Arrigoni

A empresa chilena Arrigoni Metalúrgica entregou a sua parte da obra de renovação e ampliação do aeroporto de Santiago do Chile, que corresponde ao novo terminal internacional. Com os edifícios principais já em operação - incluindo os terminais T2C e T2E, e faltando apenas alguns ajustes menores no restante dos edifícios auxiliares contratados, o andamento do projeto já é superior a 99%.

Assim informou Mario André, gerente de engenharia da Arrigoni, que detalhou um pouco de como foi a execução desta obra. O principal desafio foi o de realizar a estrutura para o processador central (T2M), edifícios laterais (T2C, T2E, T2D e T2F), e seus respectivos conectores, além da ampliação do terminal nacional existente (T1A). Além disso, aos edifícios principais se somaram alguns outros, como o Centro de Transportes CTR, a ampliação da usina termoelétrica PTE e o centro de segurança.

Embora o terminal central T2M esteja estruturado em base a marcos rígidos de aço, “uma das particularidades de suas colunas é que se trata de quadrípedes, nas zonas internas do edifício, e de trípedes e bípedes nas colunas perimetrais”, diz o executivo. Segundo ele, “tais elementos estão compostos por 4, 3 ou 2 perfis tubulares independentes, respectivamente, que têm uma inclinação de 15 graus com relação à vertical, chegando a um ponto comum na base rotulada”.

Para os elementos do teto, se usaram vigas principais conformadas com perfis de duplo T de alma cheia, além de vigas para receber a cobertura. “Todos estes elementos foram detalhados e fabricados com a curvatura que o projeto requer para o teto”, afirma Mario André, detalhando que “no teto também se utilizaram vigas de duplo T, de alma cheia, e vigas de apoio que suportam estruturalmente a superfície curva do teto”.

O gerente de engenharia conta que os principais desafios na execução do projeto foram:

1 - Detalhamento: Pontos com geometrias irregulares que implicam maior dificuldade para representar um elemento que tem geometria tridimensional; que no traçado de estruturas curvas a geometria contemplasse pontos de controle que não obedecem a uma formulação analítica simples, em que se torna fundamental o uso de modelos colaborativos; e a coordenação interdisciplinar com atividades fora do alcance da Arrigoni Metalúrgica (obras civis, cobertura e fachada), que só foi possível graças à metodologia BIM com modelos colaborativos.

2 - Fabricação: Por ser uma estrutura com geometria irregular, isso levou a que as marcas das peças em geral fossem diferentes umas das outras, sendo elementos não repetitivos que tornam mais complexas todas as partes do processo, muitos dos quais tiveram que ser manuais devido às dimensões e curvatura dos elementos.
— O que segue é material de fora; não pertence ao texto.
text \<open>On the switching cone phi_active and norm agree to first order, because
  phi_active \<le> norm with equality there; phi is squeezed between them.\<close>
lemma phi_has_derivative_on_switching_cone:
  assumes "b \<noteq> 0" and switch: "(lam \<bullet> a) * norm b + d \<bullet> b = 0"
  shows "(phi lam a d has_derivative (\<lambda>h. h \<bullet> sgn b)) (at b)"
proof -
  obtain D where D: "(phi_active lam a d has_derivative D) (at b)"
    using phi_active_differentiable[OF assms(1)] unfolding differentiable_def by blast
  have norm_deriv: "(norm has_derivative (\<lambda>h. h \<bullet> sgn b)) (at b)"
    using has_derivative_norm[OF assms(1)] .
  have at_b: "phi_active lam a d b = phi lam a d b" "norm b = phi lam a d b"
    using phi_eq_phi_active[of b] phi_eq_norm[of b] switch by simp_all
  have below: "phi_active lam a d z \<le> phi lam a d z" and above: "phi lam a d z \<le> norm z" for z
    by (rule phi_active_le_phi, rule phi_le_norm)
  have "(\<lambda>h. h \<bullet> sgn b - D h) = (\<lambda>h. 0)"
    using has_derivative_diff[OF norm_deriv D]
    by (rule has_derivative_local_min)
      (use at_b in \<open>auto intro!: always_eventually order_trans[OF below above]\<close>)
  then have "D = (\<lambda>h. h \<bullet> sgn b)" by (metis eq_iff_diff_eq_0)
  with D show ?thesis
    using has_derivative_sandwich[where f = "phi lam a d" and x = b
        and L = "phi_active lam a d" and U = norm] at_b norm_deriv below above
    by (auto intro: always_eventually)
qed

lemma phi_differentiable:
  assumes "b \<noteq> 0"
  shows "phi lam a d differentiable (at b)"
proof -
  let ?sw = "\<lambda>z. (lam \<bullet> a) * norm z + d \<bullet> z"
  have "continuous_on UNIV ?sw" by (intro continuous_intros)
  then have "open {z. ?sw z > 0}" and "open {z. ?sw z < 0}"
    by (auto intro: open_Collect_less continuous_on_const)
  consider "?sw b > 0" | "?sw b < 0" | "?sw b = 0" by linarith
  then show ?thesis
  proof cases
    case 1
    obtain D where "(phi_active lam a d has_derivative D) (at b)"
      using phi_active_differentiable[OF assms] unfolding differentiable_def by blast
    then have "(phi lam a d has_derivative D) (at b)"
      by (rule has_derivative_transform_within_open[OF _ \<open>open {z. ?sw z > 0}\<close>])
        (simp_all add: 1 phi_eq_phi_active)
    then show ?thesis unfolding differentiable_def by blast
  next
    case 2
    have "(phi lam a d has_derivative (\<lambda>h. h \<bullet> sgn b)) (at b)"
      by (rule has_derivative_transform_within_open[OF has_derivative_norm[OF assms]
            \<open>open {z. ?sw z < 0}\<close>])
        (simp_all add: 2 phi_eq_norm)
    then show ?thesis unfolding differentiable_def by blast
  next
    case 3
    then show ?thesis
      using phi_has_derivative_on_switching_cone[OF assms] unfolding differentiable_def by blast
  qed
qed

lemma grad_phi_inner_self:
  assumes "b \<noteq> 0"
  shows "grad_phi lam a d b \<bullet> b = phi lam a d b"
proof -
  obtain D where "(phi lam a d has_derivative D) (at b)"
    using phi_differentiable[OF assms] unfolding differentiable_def by blast
  then have grad: "GDERIV (phi lam a d) b :> adjoint D 1"
    by (rule has_derivative_imp_gderiv)
  then have "grad_phi lam a d b = adjoint D 1"
    unfolding grad_phi_def by (blast intro: the_equality gderiv_unique)
  with gderiv_inner_self_if_homogeneous[OF grad phi_scaleR] show ?thesis by simp
qed

lemma inner_grad_phi_sgn:
  assumes "y \<noteq> 0"
  shows "grad_phi lam a d (sgn y) \<bullet> y = norm y * phi lam a d (sgn y)"
proof -
  have "grad_phi lam a d (sgn y) \<bullet> (norm y *\<^sub>R sgn y) = norm y * phi lam a d (sgn y)"
    using grad_phi_inner_self[of "sgn y"] assms by (simp add: sgn_zero_iff)
  moreover have "norm y *\<^sub>R sgn y = y" using assms by (simp add: sgn_div_norm)
  ultimately show ?thesis by simp
qed

lemma phi_r_fun_unit_active:
  assumes "norm \<beta> = 1" and "lam \<bullet> a + d \<bullet> \<beta> > 0"
  defines "q \<equiv> sqrt (1 - (d \<bullet> \<beta>)\<^sup>2)"
  shows "phi lam a d \<beta> = - (lam \<bullet> a) * (d \<bullet> \<beta>) + sqrt (1 - (lam \<bullet> a)\<^sup>2) * q"
    and "r_fun lam a d \<beta> = lam \<bullet> a + sqrt (1 - (lam \<bullet> a)\<^sup>2) * (d \<bullet> \<beta> / q)"
proof -
  define c s \<delta> where "c = lam \<bullet> a" and "s = sqrt (1 - c\<^sup>2)" and "\<delta> = d \<bullet> \<beta>"
  have "\<beta> \<noteq> 0" using assms(1) by auto
  then have "\<bar>\<delta>\<bar> < 1"
    using abs_inner_d_less[of \<beta>] assms(1) by (simp add: \<delta>_def)
  then have "q > 0" by (simp add: q_def \<delta>_def abs_square_less_1)
  have "s > 0" and s2: "s\<^sup>2 = 1 - c\<^sup>2"
    using sqrt_one_minus_lam_a by (simp_all add: s_def c_def)
  show phi_\<beta>: "phi lam a d \<beta> = - (lam \<bullet> a) * (d \<bullet> \<beta>) + sqrt (1 - (lam \<bullet> a)\<^sup>2) * q"
    using assms by (simp add: phi_eq_phi_active phi_active_def)
  have "\<delta> + c * (- c * \<delta> + s * q) = \<delta> * (1 - c\<^sup>2) + s * (c * q)"
    by (simp add: algebra_simps power2_eq_square)
  also have "\<dots> = s * (s * \<delta> + c * q)"
    unfolding s2[symmetric] by (simp add: algebra_simps power2_eq_square)
  finally have numerator: "\<delta> + c * (- c * \<delta> + s * q) = s * (s * \<delta> + c * q)" .
  have "r_fun lam a d \<beta> = (\<delta> + c * phi lam a d \<beta>) / (phi lam a d \<beta> + \<delta> * c)"
    using assms(2) unfolding r_fun_def c_def[symmetric] \<delta>_def[symmetric] by simp
  also have "\<dots> = s * (s * \<delta> + c * q) / (s * q)"
    unfolding phi_\<beta> c_def[symmetric] s_def[symmetric] \<delta>_def[symmetric] numerator
    by (simp add: algebra_simps)
  also have "\<dots> = c + s * (\<delta> / q)"
    using \<open>s > 0\<close> \<open>q > 0\<close> by (simp add: field_simps)
  finally show "r_fun lam a d \<beta> = lam \<bullet> a + sqrt (1 - (lam \<bullet> a)\<^sup>2) * (d \<bullet> \<beta> / q)"
    by (simp only: c_def s_def \<delta>_def)
qed

lemma inner_lam_le_on_slice:
  assumes "norm x \<le> \<rho>" and "\<rho> > 0" and "\<bar>\<delta>\<bar> < 1" and slice: "a \<bullet> x = - (1 + \<rho> * \<delta>)"
  defines "q \<equiv> sqrt (1 - \<delta>\<^sup>2)"
  shows "lam \<bullet> x \<le> - (lam \<bullet> a) * (1 + \<rho> * \<delta>) + sqrt (1 - (lam \<bullet> a)\<^sup>2) * (\<rho> * q - \<delta> / q)"
proof -
  define c s where "c = lam \<bullet> a" and "s = sqrt (1 - c\<^sup>2)"
  have "s > 0" using sqrt_one_minus_lam_a by (simp add: s_def c_def)
  have "\<bar>a \<bullet> x\<bar> \<le> norm x"
    using Cauchy_Schwarz_ineq2[of a x] norm_a by simp
  then have "(a \<bullet> x)\<^sup>2 \<le> (norm x)\<^sup>2" and "(norm x)\<^sup>2 \<le> \<rho>\<^sup>2"
    using \<open>norm x \<le> \<rho>\<close> by (simp_all add: abs_le_square_iff[symmetric])
  have "sqrt (\<rho>\<^sup>2 - (a \<bullet> x)\<^sup>2) \<le> \<rho> * q - \<delta> / q"
    using half_chord_le[OF \<open>\<rho> > 0\<close> \<open>\<bar>\<delta>\<bar> < 1\<close>] \<open>(a \<bullet> x)\<^sup>2 \<le> (norm x)\<^sup>2\<close>
      \<open>(norm x)\<^sup>2 \<le> \<rho>\<^sup>2\<close>
    unfolding q_def slice by (simp only: power2_minus)
  have "lam \<bullet> x \<le> c * (a \<bullet> x) + s * sqrt ((norm x)\<^sup>2 - (a \<bullet> x)\<^sup>2)"
    using inner_le_parallel_plus_rejection[OF norm_a, of lam x] norm_lam
    by (simp add: c_def s_def)
  also have "\<dots> \<le> c * (a \<bullet> x) + s * sqrt (\<rho>\<^sup>2 - (a \<bullet> x)\<^sup>2)"
    using \<open>s > 0\<close> \<open>(norm x)\<^sup>2 \<le> \<rho>\<^sup>2\<close> by simp
  also have "\<dots> \<le> c * (a \<bullet> x) + s * (\<rho> * q - \<delta> / q)"
    using \<open>s > 0\<close> \<open>sqrt (\<rho>\<^sup>2 - (a \<bullet> x)\<^sup>2) \<le> \<rho> * q - \<delta> / q\<close> by simp
  finally show ?thesis by (simp add: slice c_def s_def algebra_simps)
qed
Por isso, foi necessária uma coordenação perfeita entre fabricação, transporte e montagem das estruturas.

3 - Montagem: Como as colunas com base rotulada não são auto-suportantes, utilizaram-se estruturas auxiliares temporárias. Por limitação no alcance dos guindastes, o dimensionamento dos elementos foi feito baseado em seu peso como condição excludente. Pela área de armazenamento reduzida, as peças enviadas ao canteiro de obras deveriam ser montadas quase imediatamente, com aplicação no local de pintura - em sua maioria contra incêndio e com alta espessura e muito tempo de aplicação.

Por fim, o executivo da Arrigoni coloca ênfase na correta logística de transporte, já que o trabalho implicou em movimentar quase 20 mil toneladas de estrutura metálica. Isso só foi possível “graças à proximidade da nossa planta com o aeroporto, a boa conectividade e principalmente pelo trabalho coordenado entre as equipes que mantivemos constantemente, tanto na usina em Quilicura como nas instalações do projeto”.